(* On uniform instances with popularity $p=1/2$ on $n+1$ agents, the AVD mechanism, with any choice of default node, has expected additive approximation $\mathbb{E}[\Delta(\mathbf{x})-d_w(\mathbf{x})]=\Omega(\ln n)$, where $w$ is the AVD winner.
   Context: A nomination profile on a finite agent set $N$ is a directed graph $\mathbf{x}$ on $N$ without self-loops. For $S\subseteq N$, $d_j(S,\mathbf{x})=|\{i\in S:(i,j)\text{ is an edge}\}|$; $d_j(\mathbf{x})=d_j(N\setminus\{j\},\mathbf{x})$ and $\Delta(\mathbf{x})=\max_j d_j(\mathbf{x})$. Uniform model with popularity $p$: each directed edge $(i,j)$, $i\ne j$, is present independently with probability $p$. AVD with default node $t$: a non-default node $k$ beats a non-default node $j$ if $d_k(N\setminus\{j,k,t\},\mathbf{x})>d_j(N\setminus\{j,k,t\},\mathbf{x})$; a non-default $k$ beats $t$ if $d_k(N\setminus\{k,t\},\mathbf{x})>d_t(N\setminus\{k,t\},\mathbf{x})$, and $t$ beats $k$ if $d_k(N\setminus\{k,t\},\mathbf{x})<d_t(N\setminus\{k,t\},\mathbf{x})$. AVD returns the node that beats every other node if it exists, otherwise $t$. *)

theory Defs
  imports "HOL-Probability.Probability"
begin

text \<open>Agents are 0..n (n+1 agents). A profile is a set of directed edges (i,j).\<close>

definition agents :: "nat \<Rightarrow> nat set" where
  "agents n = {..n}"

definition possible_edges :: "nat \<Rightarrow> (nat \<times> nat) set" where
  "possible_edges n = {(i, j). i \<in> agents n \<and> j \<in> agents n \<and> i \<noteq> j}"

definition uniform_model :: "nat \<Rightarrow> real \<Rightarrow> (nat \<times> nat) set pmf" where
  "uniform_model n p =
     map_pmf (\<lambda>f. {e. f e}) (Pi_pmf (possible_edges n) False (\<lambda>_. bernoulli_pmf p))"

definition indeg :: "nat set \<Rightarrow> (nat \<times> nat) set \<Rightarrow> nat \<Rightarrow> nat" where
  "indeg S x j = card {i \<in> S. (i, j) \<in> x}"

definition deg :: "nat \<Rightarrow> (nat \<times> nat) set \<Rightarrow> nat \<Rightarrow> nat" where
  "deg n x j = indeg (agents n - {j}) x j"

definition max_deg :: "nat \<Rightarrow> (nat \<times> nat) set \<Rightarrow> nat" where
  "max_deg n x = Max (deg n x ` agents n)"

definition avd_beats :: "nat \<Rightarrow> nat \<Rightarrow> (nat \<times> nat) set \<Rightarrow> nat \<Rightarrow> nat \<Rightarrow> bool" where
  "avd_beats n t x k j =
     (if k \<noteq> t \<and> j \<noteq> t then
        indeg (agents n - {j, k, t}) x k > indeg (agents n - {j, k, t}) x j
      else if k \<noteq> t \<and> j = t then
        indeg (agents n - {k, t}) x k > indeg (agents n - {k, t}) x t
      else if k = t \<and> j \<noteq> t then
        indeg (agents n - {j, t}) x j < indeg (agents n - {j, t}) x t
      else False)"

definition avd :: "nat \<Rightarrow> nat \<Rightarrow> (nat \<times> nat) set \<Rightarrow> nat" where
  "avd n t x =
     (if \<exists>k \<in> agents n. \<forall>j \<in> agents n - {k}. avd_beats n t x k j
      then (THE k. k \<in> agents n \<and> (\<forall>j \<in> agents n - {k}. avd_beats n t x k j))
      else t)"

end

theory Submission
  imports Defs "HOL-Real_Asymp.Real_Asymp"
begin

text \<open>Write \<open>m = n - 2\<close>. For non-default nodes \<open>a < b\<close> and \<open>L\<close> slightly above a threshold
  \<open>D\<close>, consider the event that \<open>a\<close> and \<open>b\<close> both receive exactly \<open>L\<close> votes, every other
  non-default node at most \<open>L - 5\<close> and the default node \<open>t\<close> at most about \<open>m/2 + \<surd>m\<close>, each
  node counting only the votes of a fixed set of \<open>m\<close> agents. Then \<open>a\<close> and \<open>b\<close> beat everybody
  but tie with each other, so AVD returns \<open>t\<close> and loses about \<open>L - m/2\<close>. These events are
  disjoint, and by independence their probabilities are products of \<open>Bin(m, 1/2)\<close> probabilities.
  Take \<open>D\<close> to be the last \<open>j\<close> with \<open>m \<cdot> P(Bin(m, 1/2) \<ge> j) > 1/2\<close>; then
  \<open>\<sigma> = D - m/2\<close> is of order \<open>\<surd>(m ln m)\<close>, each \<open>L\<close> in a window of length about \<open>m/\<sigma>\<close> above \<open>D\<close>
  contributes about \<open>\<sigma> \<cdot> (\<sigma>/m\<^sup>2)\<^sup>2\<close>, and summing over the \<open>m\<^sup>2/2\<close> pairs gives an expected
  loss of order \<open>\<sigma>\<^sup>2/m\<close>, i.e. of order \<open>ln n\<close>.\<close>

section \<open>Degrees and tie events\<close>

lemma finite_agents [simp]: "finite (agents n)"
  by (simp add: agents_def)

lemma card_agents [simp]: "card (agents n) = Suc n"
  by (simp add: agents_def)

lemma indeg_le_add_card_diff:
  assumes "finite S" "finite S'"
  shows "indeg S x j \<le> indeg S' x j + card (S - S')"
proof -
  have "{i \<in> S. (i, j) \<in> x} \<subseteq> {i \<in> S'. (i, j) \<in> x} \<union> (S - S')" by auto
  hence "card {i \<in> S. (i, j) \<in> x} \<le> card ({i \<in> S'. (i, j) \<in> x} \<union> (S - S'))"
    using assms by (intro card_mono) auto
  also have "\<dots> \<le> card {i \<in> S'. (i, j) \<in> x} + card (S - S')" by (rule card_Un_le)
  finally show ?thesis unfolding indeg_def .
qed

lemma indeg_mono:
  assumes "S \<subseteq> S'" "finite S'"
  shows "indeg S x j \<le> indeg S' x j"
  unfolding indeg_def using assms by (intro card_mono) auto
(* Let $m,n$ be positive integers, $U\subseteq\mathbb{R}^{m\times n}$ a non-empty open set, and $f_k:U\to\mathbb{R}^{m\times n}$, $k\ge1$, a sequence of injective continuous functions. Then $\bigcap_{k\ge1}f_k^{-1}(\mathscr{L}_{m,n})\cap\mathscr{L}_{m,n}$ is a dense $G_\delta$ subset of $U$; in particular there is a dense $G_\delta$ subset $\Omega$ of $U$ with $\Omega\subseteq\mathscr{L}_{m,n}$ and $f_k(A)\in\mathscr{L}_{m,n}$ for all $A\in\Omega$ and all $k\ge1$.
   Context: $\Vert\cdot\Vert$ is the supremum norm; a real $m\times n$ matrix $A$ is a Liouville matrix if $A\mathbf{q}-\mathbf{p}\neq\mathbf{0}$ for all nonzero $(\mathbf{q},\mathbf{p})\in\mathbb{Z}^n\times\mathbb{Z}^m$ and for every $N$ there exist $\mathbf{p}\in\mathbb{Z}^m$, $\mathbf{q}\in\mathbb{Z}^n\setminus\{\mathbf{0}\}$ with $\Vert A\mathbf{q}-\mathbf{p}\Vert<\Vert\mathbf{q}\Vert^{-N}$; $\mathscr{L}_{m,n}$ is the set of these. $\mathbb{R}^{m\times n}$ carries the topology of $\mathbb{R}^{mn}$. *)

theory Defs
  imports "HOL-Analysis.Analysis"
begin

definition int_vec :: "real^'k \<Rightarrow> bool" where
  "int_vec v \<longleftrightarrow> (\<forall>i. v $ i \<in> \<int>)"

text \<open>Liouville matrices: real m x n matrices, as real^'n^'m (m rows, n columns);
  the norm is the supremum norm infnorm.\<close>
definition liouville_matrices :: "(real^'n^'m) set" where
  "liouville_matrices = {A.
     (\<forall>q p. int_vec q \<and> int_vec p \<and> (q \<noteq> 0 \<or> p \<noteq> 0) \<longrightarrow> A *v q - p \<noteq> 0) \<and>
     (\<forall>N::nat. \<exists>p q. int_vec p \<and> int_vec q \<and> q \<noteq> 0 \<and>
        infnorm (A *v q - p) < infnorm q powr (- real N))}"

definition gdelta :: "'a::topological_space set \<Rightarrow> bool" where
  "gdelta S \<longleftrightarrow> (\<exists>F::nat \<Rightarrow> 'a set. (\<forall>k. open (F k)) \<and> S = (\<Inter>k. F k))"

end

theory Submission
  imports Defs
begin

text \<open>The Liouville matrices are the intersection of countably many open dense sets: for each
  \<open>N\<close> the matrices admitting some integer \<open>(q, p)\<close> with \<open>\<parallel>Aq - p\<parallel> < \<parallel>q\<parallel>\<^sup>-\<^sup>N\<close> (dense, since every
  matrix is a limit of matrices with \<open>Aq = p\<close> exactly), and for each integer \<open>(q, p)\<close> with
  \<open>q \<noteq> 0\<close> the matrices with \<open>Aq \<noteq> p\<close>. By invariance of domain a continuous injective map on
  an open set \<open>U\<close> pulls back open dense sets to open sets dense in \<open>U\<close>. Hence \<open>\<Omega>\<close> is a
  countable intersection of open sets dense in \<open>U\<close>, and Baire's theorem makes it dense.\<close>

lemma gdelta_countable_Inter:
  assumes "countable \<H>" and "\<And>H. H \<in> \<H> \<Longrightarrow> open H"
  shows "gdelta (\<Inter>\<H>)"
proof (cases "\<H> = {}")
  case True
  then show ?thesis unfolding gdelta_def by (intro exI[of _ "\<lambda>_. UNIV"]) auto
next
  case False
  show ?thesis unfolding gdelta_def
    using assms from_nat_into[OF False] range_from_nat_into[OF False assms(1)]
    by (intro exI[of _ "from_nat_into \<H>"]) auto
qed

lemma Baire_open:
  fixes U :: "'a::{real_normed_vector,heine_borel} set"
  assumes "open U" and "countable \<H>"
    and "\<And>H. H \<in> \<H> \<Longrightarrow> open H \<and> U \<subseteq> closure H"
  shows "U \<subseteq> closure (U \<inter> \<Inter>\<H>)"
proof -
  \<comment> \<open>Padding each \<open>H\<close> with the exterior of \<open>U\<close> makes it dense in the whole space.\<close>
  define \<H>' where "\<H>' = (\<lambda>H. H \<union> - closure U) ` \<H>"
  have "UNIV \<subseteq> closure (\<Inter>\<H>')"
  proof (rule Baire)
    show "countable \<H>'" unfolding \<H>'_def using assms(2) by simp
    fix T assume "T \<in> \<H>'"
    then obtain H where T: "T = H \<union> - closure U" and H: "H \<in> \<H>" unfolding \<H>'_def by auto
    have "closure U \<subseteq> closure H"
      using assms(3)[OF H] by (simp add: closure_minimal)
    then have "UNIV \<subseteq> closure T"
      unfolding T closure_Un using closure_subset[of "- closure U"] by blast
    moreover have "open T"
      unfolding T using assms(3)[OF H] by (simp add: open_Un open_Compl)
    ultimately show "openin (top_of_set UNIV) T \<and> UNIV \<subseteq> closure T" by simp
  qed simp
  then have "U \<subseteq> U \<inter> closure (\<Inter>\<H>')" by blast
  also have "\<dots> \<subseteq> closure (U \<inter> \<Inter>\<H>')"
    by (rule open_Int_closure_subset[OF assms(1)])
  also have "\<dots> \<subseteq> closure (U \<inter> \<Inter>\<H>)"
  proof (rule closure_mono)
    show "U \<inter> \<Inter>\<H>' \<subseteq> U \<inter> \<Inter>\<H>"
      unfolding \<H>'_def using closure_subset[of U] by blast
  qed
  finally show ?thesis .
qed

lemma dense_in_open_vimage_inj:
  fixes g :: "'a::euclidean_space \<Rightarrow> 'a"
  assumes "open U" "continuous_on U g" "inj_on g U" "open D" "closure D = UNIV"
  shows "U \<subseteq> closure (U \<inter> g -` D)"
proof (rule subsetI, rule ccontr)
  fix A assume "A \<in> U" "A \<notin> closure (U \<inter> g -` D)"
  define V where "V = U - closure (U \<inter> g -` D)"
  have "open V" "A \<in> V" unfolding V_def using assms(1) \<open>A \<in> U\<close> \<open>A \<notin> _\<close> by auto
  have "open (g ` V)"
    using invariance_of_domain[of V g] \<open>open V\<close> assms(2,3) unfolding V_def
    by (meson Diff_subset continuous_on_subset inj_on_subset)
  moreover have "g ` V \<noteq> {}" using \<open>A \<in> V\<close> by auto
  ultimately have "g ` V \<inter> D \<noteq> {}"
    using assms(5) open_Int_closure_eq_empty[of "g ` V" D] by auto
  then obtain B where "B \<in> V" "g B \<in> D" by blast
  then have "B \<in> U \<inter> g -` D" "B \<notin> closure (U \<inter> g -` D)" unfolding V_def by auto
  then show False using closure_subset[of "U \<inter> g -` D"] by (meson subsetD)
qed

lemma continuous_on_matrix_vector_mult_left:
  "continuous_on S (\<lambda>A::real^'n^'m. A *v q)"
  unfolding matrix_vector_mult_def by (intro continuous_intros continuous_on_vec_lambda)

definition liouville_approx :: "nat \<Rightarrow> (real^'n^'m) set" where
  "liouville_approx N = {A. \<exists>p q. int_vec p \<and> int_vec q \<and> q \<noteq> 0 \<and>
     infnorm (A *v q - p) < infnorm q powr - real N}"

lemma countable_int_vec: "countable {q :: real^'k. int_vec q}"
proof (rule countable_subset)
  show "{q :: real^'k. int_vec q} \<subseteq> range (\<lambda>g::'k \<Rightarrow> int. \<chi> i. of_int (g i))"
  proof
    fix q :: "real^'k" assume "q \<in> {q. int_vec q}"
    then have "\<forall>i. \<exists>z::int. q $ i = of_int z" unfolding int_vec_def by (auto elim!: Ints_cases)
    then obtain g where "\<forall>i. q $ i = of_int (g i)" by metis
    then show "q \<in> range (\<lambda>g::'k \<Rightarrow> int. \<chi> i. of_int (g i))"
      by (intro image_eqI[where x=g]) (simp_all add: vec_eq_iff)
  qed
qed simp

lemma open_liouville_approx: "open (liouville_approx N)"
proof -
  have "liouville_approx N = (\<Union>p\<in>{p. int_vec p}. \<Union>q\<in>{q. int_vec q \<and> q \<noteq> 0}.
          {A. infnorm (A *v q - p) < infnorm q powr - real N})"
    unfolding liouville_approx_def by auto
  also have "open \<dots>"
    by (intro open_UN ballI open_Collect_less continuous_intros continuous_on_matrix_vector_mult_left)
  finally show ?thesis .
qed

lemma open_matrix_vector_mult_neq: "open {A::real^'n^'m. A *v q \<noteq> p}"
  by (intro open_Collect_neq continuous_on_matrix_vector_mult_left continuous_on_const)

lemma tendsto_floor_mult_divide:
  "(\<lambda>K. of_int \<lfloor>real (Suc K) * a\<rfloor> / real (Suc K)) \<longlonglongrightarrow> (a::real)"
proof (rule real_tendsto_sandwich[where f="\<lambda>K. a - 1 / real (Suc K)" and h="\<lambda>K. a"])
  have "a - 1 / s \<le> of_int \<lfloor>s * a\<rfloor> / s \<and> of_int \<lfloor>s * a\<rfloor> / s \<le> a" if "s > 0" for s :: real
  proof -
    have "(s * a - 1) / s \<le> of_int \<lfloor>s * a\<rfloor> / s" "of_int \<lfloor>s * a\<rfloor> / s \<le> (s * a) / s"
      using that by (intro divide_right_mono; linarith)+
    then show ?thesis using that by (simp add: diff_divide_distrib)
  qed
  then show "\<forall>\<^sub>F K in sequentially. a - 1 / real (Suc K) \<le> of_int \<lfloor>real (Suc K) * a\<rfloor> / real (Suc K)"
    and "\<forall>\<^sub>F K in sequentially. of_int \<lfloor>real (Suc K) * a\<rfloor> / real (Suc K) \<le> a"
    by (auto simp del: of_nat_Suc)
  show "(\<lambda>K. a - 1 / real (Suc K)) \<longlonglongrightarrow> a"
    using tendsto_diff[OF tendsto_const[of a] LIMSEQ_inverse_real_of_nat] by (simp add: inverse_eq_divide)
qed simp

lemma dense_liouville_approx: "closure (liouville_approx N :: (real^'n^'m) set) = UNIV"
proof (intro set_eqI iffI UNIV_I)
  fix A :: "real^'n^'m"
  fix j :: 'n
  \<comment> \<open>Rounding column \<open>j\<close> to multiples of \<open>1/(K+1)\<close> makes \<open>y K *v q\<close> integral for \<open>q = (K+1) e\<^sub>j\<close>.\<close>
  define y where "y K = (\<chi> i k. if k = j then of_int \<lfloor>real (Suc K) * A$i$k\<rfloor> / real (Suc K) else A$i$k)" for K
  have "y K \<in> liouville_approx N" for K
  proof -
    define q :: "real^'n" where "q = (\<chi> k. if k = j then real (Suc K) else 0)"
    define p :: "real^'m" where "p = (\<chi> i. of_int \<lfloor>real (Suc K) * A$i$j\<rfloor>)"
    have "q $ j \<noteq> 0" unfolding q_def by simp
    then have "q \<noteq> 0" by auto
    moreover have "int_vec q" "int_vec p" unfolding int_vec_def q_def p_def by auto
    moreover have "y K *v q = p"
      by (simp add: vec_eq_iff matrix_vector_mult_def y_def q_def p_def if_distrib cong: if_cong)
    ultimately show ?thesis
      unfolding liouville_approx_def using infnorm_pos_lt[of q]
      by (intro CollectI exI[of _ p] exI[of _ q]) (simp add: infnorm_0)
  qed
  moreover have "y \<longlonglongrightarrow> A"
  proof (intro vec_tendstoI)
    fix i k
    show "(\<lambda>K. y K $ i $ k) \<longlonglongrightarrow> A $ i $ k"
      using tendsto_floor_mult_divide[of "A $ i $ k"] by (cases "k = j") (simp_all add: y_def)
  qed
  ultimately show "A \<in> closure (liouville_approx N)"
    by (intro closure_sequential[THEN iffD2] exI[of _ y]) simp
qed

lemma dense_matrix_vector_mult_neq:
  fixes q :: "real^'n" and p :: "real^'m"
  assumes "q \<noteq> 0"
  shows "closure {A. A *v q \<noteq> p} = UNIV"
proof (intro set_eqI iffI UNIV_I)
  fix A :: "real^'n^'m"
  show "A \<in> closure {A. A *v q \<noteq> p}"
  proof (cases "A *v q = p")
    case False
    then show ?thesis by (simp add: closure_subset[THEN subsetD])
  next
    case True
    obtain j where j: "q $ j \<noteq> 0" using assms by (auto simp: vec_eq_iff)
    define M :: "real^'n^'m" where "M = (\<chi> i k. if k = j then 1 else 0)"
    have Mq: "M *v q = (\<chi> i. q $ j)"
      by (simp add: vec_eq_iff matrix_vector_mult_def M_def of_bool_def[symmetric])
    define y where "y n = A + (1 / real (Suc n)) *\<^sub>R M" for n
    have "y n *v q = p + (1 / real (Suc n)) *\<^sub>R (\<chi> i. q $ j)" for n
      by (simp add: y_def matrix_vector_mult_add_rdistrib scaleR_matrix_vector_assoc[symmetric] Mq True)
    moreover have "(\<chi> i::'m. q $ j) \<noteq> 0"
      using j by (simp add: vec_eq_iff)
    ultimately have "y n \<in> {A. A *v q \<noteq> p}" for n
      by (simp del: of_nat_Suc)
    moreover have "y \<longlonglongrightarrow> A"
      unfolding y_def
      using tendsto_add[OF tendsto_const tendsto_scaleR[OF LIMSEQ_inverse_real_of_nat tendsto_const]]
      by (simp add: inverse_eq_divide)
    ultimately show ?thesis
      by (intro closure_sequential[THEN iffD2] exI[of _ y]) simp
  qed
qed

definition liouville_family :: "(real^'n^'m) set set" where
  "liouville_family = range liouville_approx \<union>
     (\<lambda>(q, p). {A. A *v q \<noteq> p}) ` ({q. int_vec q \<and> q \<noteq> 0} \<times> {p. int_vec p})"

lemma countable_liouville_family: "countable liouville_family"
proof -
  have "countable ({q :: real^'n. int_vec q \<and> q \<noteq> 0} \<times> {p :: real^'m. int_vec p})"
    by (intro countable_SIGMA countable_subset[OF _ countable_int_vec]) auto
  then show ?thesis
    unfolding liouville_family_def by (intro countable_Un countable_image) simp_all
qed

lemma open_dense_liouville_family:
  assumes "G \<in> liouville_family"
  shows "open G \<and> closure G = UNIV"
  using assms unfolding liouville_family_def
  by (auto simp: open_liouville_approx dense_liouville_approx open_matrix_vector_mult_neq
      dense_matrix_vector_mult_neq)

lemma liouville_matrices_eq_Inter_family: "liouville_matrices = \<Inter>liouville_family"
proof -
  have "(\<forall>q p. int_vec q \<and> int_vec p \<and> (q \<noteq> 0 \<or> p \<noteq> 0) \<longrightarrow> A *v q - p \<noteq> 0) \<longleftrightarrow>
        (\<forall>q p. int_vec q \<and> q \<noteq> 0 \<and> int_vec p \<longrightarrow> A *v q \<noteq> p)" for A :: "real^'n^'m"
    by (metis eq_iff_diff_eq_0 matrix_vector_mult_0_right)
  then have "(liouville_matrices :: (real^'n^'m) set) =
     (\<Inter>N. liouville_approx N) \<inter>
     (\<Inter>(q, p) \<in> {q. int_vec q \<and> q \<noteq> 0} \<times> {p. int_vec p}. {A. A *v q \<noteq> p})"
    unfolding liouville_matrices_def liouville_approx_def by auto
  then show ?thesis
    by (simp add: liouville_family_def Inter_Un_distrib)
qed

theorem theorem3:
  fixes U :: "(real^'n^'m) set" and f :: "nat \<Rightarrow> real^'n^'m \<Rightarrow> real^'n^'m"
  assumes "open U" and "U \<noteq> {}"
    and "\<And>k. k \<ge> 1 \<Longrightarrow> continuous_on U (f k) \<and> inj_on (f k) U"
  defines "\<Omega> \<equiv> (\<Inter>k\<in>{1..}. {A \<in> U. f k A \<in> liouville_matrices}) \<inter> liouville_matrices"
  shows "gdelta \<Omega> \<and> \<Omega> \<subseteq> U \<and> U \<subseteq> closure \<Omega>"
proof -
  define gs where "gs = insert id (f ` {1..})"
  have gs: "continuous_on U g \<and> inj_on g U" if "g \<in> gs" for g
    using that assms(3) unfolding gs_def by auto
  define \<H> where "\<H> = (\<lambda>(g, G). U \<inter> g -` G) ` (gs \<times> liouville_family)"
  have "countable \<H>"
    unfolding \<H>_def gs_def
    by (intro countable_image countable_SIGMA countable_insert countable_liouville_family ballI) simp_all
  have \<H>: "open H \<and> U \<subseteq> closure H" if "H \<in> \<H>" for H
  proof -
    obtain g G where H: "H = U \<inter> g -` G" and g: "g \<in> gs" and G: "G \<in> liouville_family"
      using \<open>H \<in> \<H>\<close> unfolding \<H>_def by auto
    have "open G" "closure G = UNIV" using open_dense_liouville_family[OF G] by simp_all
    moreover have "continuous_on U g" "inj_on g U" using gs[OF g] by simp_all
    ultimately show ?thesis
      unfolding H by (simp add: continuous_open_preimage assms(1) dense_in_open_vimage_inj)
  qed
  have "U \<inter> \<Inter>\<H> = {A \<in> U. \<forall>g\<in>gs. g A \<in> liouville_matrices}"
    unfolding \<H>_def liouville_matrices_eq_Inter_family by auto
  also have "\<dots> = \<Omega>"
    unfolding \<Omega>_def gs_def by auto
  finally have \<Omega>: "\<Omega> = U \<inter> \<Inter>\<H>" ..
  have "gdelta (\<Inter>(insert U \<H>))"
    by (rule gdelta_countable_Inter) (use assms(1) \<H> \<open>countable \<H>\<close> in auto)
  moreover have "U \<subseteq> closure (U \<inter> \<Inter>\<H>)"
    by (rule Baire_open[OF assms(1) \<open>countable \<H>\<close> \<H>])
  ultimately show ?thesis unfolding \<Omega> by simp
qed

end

# # # # # # #

- [AIM OF THE EXERCISE]: All lines above between those holding "(agents n) = Suc" and "v \<longleftrightarrow> (\<forall>i.", inclusive, must be set down unchanged, and no other line may be included.

- [RESPONSE BOX]:
lemma card_agents [simp]: "card (agents n) = Suc n"
  by (simp add: agents_def)

lemma indeg_le_add_card_diff:
  assumes "finite S" "finite S'"
  shows "indeg S x j \<le> indeg S' x j + card (S - S')"
proof -
  have "{i \<in> S. (i, j) \<in> x} \<subseteq> {i \<in> S'. (i, j) \<in> x} \<union> (S - S')" by auto
  hence "card {i \<in> S. (i, j) \<in> x} \<le> card ({i \<in> S'. (i, j) \<in> x} \<union> (S - S'))"
    using assms by (intro card_mono) auto
  also have "\<dots> \<le> card {i \<in> S'. (i, j) \<in> x} + card (S - S')" by (rule card_Un_le)
  finally show ?thesis unfolding indeg_def .
qed

lemma indeg_mono:
  assumes "S \<subseteq> S'" "finite S'"
  shows "indeg S x j \<le> indeg S' x j"
  unfolding indeg_def using assms by (intro card_mono) auto
(* Let $m,n$ be positive integers, $U\subseteq\mathbb{R}^{m\times n}$ a non-empty open set, and $f_k:U\to\mathbb{R}^{m\times n}$, $k\ge1$, a sequence of injective continuous functions. Then $\bigcap_{k\ge1}f_k^{-1}(\mathscr{L}_{m,n})\cap\mathscr{L}_{m,n}$ is a dense $G_\delta$ subset of $U$; in particular there is a dense $G_\delta$ subset $\Omega$ of $U$ with $\Omega\subseteq\mathscr{L}_{m,n}$ and $f_k(A)\in\mathscr{L}_{m,n}$ for all $A\in\Omega$ and all $k\ge1$.
   Context: $\Vert\cdot\Vert$ is the supremum norm; a real $m\times n$ matrix $A$ is a Liouville matrix if $A\mathbf{q}-\mathbf{p}\neq\mathbf{0}$ for all nonzero $(\mathbf{q},\mathbf{p})\in\mathbb{Z}^n\times\mathbb{Z}^m$ and for every $N$ there exist $\mathbf{p}\in\mathbb{Z}^m$, $\mathbf{q}\in\mathbb{Z}^n\setminus\{\mathbf{0}\}$ with $\Vert A\mathbf{q}-\mathbf{p}\Vert<\Vert\mathbf{q}\Vert^{-N}$; $\mathscr{L}_{m,n}$ is the set of these. $\mathbb{R}^{m\times n}$ carries the topology of $\mathbb{R}^{mn}$. *)

theory Defs
  imports "HOL-Analysis.Analysis"
begin

definition int_vec :: "real^'k \<Rightarrow> bool" where
  "int_vec v \<longleftrightarrow> (\<forall>i. v $ i \<in> \<int>)"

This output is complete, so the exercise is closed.